# Onan generator help......



## Hawkeyenfo (Aug 3, 2005)

All,

I have a 6.5 Onan generator in my RV that ran great 8 months ago.  It's been sitting for that long and now, it will not start.  It turns over just fine but does not catch....any ideas or thoughts?  

Thanks!


----------



## Gil Math (Aug 3, 2005)

Onan generator help......

Hi
First you have to check for spark to the plugs.
If not check the source......points dirty???? condensation in distributor??
Second to check if its getting gas through the carburetor.
Carburetor may need cleaning if its not getting gas.

Try that for starters!!!

Gil


----------



## DL Rupper (Aug 3, 2005)

Onan generator help......

Hi, probably gummy/varnish looking old gas in caburetor, if it is a gas generator.   Once you get it running, you need to exercise (run) it under load 1 to 2 hours a month.


----------



## ARCHER (Aug 3, 2005)

Onan generator help......

Agree with DL.  You must run a generator monthly to keep it clean inside the carb, etc.  The unit I have is an old 89 31 ft Winnebago that had a generator in it but only had 6  hours on it (the couple never used it) and I could not get it started.  had to have the carb rebuilt, etc.  I run it now each month like DL said and it starts just fine and runs smoothly.    :laugh:


----------



## hertig (Aug 4, 2005)

Onan generator help......

I know that you are supposed to run your generator (under load) monthly, but I admit to not doing that with my Honda EU3000.  Maybe its a better design than most, maybe due to me shutting it down by turning off the gas and letting it die, or maybe I'm just flat out lucky, but it always starts right up on the rare occasions I use it.
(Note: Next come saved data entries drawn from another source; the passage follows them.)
lemma norm_qpoch_inf_ge:
  assumes "0 < q" "q < 1" "norm a < 1"
  shows "Re (qpoch_inf (of_real (norm a)) q) \<le> norm (qpoch_inf a q)"
proof (rule LIMSEQ_le)
  show "(\<lambda>n. \<Prod>k\<le>n. 1 - norm a * q ^ k) \<longlonglongrightarrow> Re (qpoch_inf (of_real (norm a)) q)"
    using Re_qpoch_inf_of_real_LIMSEQ[of q "norm a"] assms by simp
  show "(\<lambda>n. norm (\<Prod>k\<le>n. 1 - a * of_real q ^ k)) \<longlonglongrightarrow> norm (qpoch_inf a q)"
    by (intro tendsto_norm qpoch_inf_LIMSEQ assms)
  have "(\<Prod>k\<le>n. 1 - norm a * q ^ k) \<le> (\<Prod>k\<le>n. norm (1 - a * of_real q ^ k))" for n
  proof (intro prod_mono conjI)
    fix k
    have "norm (a * of_real q ^ k) = norm a * q ^ k"
      using assms by (simp add: norm_mult norm_power)
    then show "0 \<le> 1 - norm a * q ^ k" "1 - norm a * q ^ k \<le> norm (1 - a * of_real q ^ k)"
      using norm_qpoch_factor_less_1[of q a k] norm_triangle_ineq2[of 1 "a * of_real q ^ k"] assms
      by auto
  qed
  then show "\<exists>N. \<forall>n\<ge>N. (\<Prod>k\<le>n. 1 - norm a * q ^ k) \<le> norm (\<Prod>k\<le>n. 1 - a * of_real q ^ k)"
    by (simp add: prod_norm)
qed

lemma cpowq_of_real: "0 < q \<Longrightarrow> cpowq q (of_real u) = of_real (q powr u)"
  unfolding cpowq_def powr_def by (simp flip: exp_of_real)

lemma norm_cpowq: "norm (cpowq q (Complex u v)) = exp (u * ln q)"
  unfolding cpowq_def by (simp add: norm_exp_eq_Re)

lemma powr_less_1: "0 < (q::real) \<Longrightarrow> q < 1 \<Longrightarrow> 0 < u \<Longrightarrow> q powr u < 1"
  using powr_less_mono2[of u q 1] by simp

lemma Im_qpoch_inf_cpowq_of_real:
  "0 < q \<Longrightarrow> q < 1 \<Longrightarrow> 0 < u \<Longrightarrow> Im (qpoch_inf (cpowq q (of_real u)) q) = 0"
  by (simp add: cpowq_of_real powr_less_1 Im_qpoch_inf_of_real)

lemma Re_qpoch_inf_cpowq_of_real_pos:
  "0 < q \<Longrightarrow> q < 1 \<Longrightarrow> 0 < u \<Longrightarrow> Re (qpoch_inf (cpowq q (of_real u)) q) > 0"
  by (simp add: cpowq_of_real powr_less_1 Re_qpoch_inf_of_real_pos)

lemma qpoch_inf_cpowq_ge:
  assumes "0 < q" "q < 1" "0 < u"
  shows "Re (qpoch_inf (cpowq q (of_real u)) q) \<le> norm (qpoch_inf (cpowq q (Complex u v)) q)"
  using norm_qpoch_inf_ge[of q "cpowq q (Complex u v)"] powr_less_1[OF assms] assms
  by (simp add: norm_cpowq cpowq_of_real powr_def)

lemma qGamma_of_real:
  assumes "0 < q" "q < 1" "0 < u"
  shows "qGamma q (of_real u) = of_real (exp ((1 - u) * ln (1 - q)) * Re (qpoch_inf (of_real q) q)
                                          / Re (qpoch_inf (cpowq q (of_real u)) q))"
proof -
  have Q: "qpoch_inf (of_real q) q = of_real (Re (qpoch_inf (of_real q) q))"
    using Im_qpoch_inf_of_real[of q q] assms by (simp add: complex_eq_iff)
  have P: "qpoch_inf (cpowq q (of_real u)) q = of_real (Re (qpoch_inf (cpowq q (of_real u)) q))"
    using Im_qpoch_inf_cpowq_of_real[OF assms] by (simp add: complex_eq_iff)
  have E: "exp ((1 - of_real u) * of_real (ln (1 - q))) = (of_real (exp ((1 - u) * ln (1 - q))) :: complex)"
    by (simp flip: exp_of_real)
  show ?thesis
    unfolding qGamma_def E by (subst Q, subst P) simp
qed

lemma norm_qGamma:
  assumes "0 < q" "q < 1"
  shows "norm (qGamma q (Complex u v)) = exp ((1 - u) * ln (1 - q)) * Re (qpoch_inf (of_real q) q)
                                          / norm (qpoch_inf (cpowq q (Complex u v)) q)"
proof -
  have "norm (qpoch_inf (of_real q) q) = Re (qpoch_inf (of_real q) q)"
    using Im_qpoch_inf_of_real[of q q] Re_qpoch_inf_of_real_pos[of q q] assms
    by (simp add: cmod_eq_Re)
  then show ?thesis
    unfolding qGamma_def by (simp add: norm_mult norm_divide norm_exp_eq_Re)
qed

lemma norm_qGamma_le:
  assumes "0 < q" "q < 1" "0 < u"
  shows "norm (qGamma q (Complex u v)) \<le> Re (qGamma q (of_real u))"
proof -
  have "Re (qpoch_inf (cpowq q (of_real u)) q) \<le> norm (qpoch_inf (cpowq q (Complex u v)) q)"
    and "0 < Re (qpoch_inf (cpowq q (of_real u)) q)"
    using qpoch_inf_cpowq_ge Re_qpoch_inf_cpowq_of_real_pos assms by auto
  moreover have "0 < Re (qpoch_inf (of_real q) q)"
    using Re_qpoch_inf_of_real_pos[of q q] assms by simp
  ultimately show ?thesis
    unfolding norm_qGamma[OF assms(1,2)] qGamma_of_real[OF assms] Re_complex_of_real
    by (intro divide_left_mono mult_pos_pos) auto
qed

section \<open>Gaussian binomial coefficients\<close>

definition qpoch :: "real \<Rightarrow> nat \<Rightarrow> real" where
  "qpoch q m = (\<Prod>i<m. 1 - q ^ Suc i)"

definition qbinom :: "real \<Rightarrow> nat \<Rightarrow> nat \<Rightarrow> real" where
  "qbinom q m k = (if k \<le> m then qpoch q m / (qpoch q k * qpoch q (m - k)) else 0)"

lemma qpoch_0 [simp]: "qpoch q 0 = 1"
  by (simp add: qpoch_def)

lemma qpoch_Suc: "qpoch q (Suc m) = qpoch q m * (1 - q ^ Suc m)"
  by (simp add: qpoch_def)

lemma qpoch_factor_bounds:
  fixes q :: real
  assumes "0 < q" "q < 1"
  shows "0 < 1 - q ^ Suc i" "1 - q ^ Suc i \<le> 1"
  using power_Suc_less_one[OF assms, of i] assms by simp_all

lemma qpoch_pos: "0 < q \<Longrightarrow> q < 1 \<Longrightarrow> 0 < qpoch q m"
  unfolding qpoch_def by (intro prod_pos) (use qpoch_factor_bounds in blast)

lemma qpoch_le_1: "0 < q \<Longrightarrow> q < 1 \<Longrightarrow> qpoch q m \<le> 1"
  unfolding qpoch_def by (intro prod_le_1) (use qpoch_factor_bounds less_imp_le in blast)

lemma decseq_qpoch: "0 < q \<Longrightarrow> q < 1 \<Longrightarrow> decseq (qpoch q)"
  by (intro decseq_SucI) (simp add: qpoch_Suc qpoch_pos mult_le_cancel_left1)

lemma qpoch_LIMSEQ:
  assumes "0 < q" "q < 1"
  shows "qpoch q \<longlonglongrightarrow> Re (qpoch_inf (of_real q) q)"
proof -
  have "(\<lambda>n. qpoch q (Suc n)) = (\<lambda>n. \<Prod>k\<le>n. 1 - q * q ^ k)"
    unfolding qpoch_def by (simp add: lessThan_Suc_atMost)
  then show ?thesis
    using Re_qpoch_inf_of_real_LIMSEQ[of q q] assms by (simp add: LIMSEQ_imp_Suc)
qed

lemma qpoch_ge_qpoch_inf:
  "0 < q \<Longrightarrow> q < 1 \<Longrightarrow> Re (qpoch_inf (of_real q) q) \<le> qpoch q m"
  using decseq_ge[OF decseq_qpoch qpoch_LIMSEQ] .

lemma qbinom_0 [simp]: "0 < q \<Longrightarrow> q < 1 \<Longrightarrow> qbinom q m 0 = 1"
  using qpoch_pos[of q m] by (simp add: qbinom_def)

lemma qbinom_symmetric: "k \<le> m \<Longrightarrow> qbinom q m (m - k) = qbinom q m k"
  by (simp add: qbinom_def mult.commute)

lemma qbinom_Suc_Suc:
  assumes "0 < q" "q < 1"
  shows "qbinom q (Suc m) (Suc k) = qbinom q m (Suc k) + q ^ (m - k) * qbinom q m k"
proof (cases "k < m")
  case True
  then obtain d where d: "m - k = Suc d" "m - Suc k = d"
    by (metis Suc_diff_Suc diff_Suc_1)
  define A B C x y where A_def: "A = qpoch q m" and B_def: "B = qpoch q k"
    and C_def: "C = qpoch q d" and x_def: "x = q ^ Suc k" and y_def: "y = q ^ Suc d"
  have "Suc m = Suc k + Suc d"
    using d True by simp
  then have "q ^ Suc m = x * y"
    unfolding x_def y_def by (simp only: power_add)
  then have lhs: "qbinom q (Suc m) (Suc k) = A * (1 - x * y) / (B * (1 - x) * (C * (1 - y)))"
    using True d by (simp add: qbinom_def qpoch_Suc A_def B_def C_def x_def y_def)
  have rhs: "qbinom q m (Suc k) = A / (B * (1 - x) * C)" "qbinom q m k = A / (B * (C * (1 - y)))"
    using True d by (simp_all add: qbinom_def qpoch_Suc A_def B_def C_def x_def y_def)
  have ne: "1 - x \<noteq> 0" "1 - y \<noteq> 0" "B \<noteq> 0" "C \<noteq> 0"
    using qpoch_factor_bounds(1)[OF assms] qpoch_pos[OF assms]
    unfolding x_def y_def B_def C_def by (metis less_irrefl)+
  have identity: "A * (1 - (1 - s) * (1 - t)) / (B * s * (C * t))
                 = A / (B * s * C) + (1 - t) * (A / (B * (C * t)))"
    if "s \<noteq> 0" "t \<noteq> 0" "B \<noteq> 0" "C \<noteq> 0" for s t
    using that by (simp add: field_simps)
  have "A * (1 - x * y) / (B * (1 - x) * (C * (1 - y)))
        = A / (B * (1 - x) * C) + y * (A / (B * (C * (1 - y))))"
    using identity[OF ne] by simp
  then show ?thesis
    unfolding lhs rhs d(1) y_def by simp
next
  case False
  then show ?thesis
    using qpoch_pos[OF assms] qpoch_factor_bounds(1)[OF assms, of m]
    by (cases "k = m") (auto simp: qbinom_def qpoch_Suc)
qed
On the new motorhome, you better believe I'll find some way to exercise that expensive Onan monthly.


----------



## ARCHER (Aug 4, 2005)

Onan generator help......

John, I think the key to your unit working so well, is shutting off the gas to it and letting it run dry.  I guess you use some kind of gas treatment for long storage.


----------



## Kirk (Aug 4, 2005)

Onan generator help......

hertig
I used to to that same thing with my Onan before we went fulltime. It has an electric fuel pump and it connected with a spade connector. When we would return from a trip, I just pulled that plug on the fuel pump and ran it until it stopped. But with the modern Onan that is harder to do. The other reason that Onan says to run them under laod is to dry out any moisture that may collect in the windings of the generator. That would be true of you generator as well, but it is something that usually doesn't happen for a long time, unless you are where the humidity is high.


----------



## DL Rupper (Aug 4, 2005)

Onan generator help......

I have a 4.0 Onan generator in my 5ver that runs on propane.  I don't worry about carb problems, but still run it once a month just to get moisture out and oil circulating.


----------



## hertig (Aug 9, 2005)

Onan generator help......

Kirk, not usually much moisture here in Tucson (August being the exception   Also, the EU3000 is pretty enclosed (for sound reduction) which may help with preventing moisture getting in.

Archer, no, no treatment.  But it is in the back of my truck which is driven daily, so at least it gets agitation.


----------